SOURCE RECORDS START

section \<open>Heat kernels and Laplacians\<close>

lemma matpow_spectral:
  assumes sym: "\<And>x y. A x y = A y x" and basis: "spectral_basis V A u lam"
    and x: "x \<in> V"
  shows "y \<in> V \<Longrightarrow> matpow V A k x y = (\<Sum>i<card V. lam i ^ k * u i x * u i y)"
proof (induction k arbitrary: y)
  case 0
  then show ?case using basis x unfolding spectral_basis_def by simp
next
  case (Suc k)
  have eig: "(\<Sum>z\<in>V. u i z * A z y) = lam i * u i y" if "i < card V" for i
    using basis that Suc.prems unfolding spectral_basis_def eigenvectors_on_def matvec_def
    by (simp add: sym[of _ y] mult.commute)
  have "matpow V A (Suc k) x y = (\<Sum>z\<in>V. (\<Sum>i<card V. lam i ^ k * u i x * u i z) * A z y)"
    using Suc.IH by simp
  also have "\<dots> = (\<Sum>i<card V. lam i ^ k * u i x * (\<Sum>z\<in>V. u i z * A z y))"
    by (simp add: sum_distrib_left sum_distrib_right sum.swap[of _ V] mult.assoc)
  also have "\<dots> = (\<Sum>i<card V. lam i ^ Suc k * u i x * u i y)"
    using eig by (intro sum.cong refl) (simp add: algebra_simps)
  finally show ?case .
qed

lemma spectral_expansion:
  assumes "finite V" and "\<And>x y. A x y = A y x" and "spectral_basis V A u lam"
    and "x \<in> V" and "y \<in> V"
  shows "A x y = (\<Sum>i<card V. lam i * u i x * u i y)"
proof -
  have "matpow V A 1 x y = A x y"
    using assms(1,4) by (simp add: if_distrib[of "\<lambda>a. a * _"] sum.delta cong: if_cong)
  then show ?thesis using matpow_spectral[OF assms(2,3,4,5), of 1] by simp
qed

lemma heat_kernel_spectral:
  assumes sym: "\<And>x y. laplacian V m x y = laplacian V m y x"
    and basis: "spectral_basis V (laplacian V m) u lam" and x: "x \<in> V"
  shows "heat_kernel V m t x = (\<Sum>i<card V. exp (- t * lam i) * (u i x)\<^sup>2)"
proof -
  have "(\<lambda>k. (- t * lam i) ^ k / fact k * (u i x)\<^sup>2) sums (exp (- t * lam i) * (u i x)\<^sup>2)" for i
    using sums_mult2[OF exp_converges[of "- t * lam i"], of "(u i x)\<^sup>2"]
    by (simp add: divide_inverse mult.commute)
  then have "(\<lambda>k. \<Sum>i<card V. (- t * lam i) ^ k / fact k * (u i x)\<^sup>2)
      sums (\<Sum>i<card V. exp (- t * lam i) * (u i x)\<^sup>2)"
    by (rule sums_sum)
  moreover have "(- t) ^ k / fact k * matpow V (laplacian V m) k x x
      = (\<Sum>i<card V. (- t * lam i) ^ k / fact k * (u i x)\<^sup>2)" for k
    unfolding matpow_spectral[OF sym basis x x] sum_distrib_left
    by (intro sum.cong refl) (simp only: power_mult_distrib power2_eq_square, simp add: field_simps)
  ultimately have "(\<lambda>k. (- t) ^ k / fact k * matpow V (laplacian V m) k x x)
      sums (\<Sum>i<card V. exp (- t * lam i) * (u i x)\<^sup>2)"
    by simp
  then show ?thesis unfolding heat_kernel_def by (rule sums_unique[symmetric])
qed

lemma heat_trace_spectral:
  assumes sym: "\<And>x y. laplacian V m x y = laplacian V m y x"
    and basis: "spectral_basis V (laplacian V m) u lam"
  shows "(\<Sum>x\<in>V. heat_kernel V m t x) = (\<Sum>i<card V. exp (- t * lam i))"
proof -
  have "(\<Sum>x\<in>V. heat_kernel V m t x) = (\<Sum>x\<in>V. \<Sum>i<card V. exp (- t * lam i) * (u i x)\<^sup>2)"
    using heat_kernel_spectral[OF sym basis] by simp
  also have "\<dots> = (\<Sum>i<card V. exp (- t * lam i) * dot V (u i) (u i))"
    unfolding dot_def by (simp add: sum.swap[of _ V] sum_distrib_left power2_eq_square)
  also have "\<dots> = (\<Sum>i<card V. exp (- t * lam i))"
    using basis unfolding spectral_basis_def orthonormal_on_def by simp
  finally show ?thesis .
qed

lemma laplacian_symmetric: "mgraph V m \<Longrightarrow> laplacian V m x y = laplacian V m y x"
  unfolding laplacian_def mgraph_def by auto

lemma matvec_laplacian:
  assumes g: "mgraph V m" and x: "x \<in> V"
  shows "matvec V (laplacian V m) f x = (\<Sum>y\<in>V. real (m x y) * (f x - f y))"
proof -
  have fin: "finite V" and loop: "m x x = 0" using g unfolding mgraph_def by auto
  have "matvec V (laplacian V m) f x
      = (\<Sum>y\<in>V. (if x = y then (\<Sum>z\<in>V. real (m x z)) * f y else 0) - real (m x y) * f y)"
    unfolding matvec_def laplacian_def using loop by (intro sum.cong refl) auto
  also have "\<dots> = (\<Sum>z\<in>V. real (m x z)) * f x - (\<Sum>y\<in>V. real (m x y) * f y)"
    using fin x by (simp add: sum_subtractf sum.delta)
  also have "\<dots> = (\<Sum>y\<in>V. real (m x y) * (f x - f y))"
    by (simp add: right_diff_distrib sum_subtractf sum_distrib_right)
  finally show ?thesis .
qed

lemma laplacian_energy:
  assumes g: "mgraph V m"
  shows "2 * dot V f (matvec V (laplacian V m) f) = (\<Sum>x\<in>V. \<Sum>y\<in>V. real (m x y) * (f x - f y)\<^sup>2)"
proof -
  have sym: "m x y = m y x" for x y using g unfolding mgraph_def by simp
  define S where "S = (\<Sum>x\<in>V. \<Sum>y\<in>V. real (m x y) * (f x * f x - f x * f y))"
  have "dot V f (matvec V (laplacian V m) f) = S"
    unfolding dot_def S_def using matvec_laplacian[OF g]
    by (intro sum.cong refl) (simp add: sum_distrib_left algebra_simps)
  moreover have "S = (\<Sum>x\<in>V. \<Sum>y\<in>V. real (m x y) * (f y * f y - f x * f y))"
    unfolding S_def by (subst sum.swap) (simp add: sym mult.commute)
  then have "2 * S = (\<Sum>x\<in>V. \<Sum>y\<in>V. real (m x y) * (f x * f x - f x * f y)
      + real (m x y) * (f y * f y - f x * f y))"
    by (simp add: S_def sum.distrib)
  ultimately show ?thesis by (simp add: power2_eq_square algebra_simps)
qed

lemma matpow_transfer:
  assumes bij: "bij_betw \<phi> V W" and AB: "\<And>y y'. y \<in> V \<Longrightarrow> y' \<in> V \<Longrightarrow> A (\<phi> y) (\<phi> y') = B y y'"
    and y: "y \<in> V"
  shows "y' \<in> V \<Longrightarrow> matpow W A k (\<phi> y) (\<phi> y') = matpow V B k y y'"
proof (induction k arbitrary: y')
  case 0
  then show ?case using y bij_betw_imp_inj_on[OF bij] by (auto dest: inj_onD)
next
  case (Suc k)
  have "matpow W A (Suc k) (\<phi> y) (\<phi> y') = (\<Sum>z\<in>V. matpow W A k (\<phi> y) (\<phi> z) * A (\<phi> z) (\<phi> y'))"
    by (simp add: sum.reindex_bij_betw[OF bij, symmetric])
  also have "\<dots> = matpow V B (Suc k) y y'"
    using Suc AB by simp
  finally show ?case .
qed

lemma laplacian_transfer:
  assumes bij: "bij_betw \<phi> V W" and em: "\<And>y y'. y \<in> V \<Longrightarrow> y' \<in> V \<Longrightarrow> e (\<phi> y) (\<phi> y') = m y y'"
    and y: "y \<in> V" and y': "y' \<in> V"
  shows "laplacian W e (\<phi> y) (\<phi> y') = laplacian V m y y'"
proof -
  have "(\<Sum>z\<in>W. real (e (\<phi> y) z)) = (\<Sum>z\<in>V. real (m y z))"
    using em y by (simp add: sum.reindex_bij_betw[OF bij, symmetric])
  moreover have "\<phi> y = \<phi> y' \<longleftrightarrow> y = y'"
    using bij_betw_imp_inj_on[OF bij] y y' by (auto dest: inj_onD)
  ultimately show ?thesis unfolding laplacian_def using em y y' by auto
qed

SOURCE RECORDS END

§ **EXERCISE DETAILS**
Among the lines above, find those with the string "lemma" and copy them.

§ **RESULT FOR THIS TASK**
lemma matpow_spectral:
lemma spectral_expansion:
lemma heat_kernel_spectral:
lemma heat_trace_spectral:
lemma laplacian_symmetric: "mgraph V m \<Longrightarrow> laplacian V m x y = laplacian V m y x"
lemma matvec_laplacian:
lemma laplacian_energy:
lemma matpow_transfer:
lemma laplacian_transfer:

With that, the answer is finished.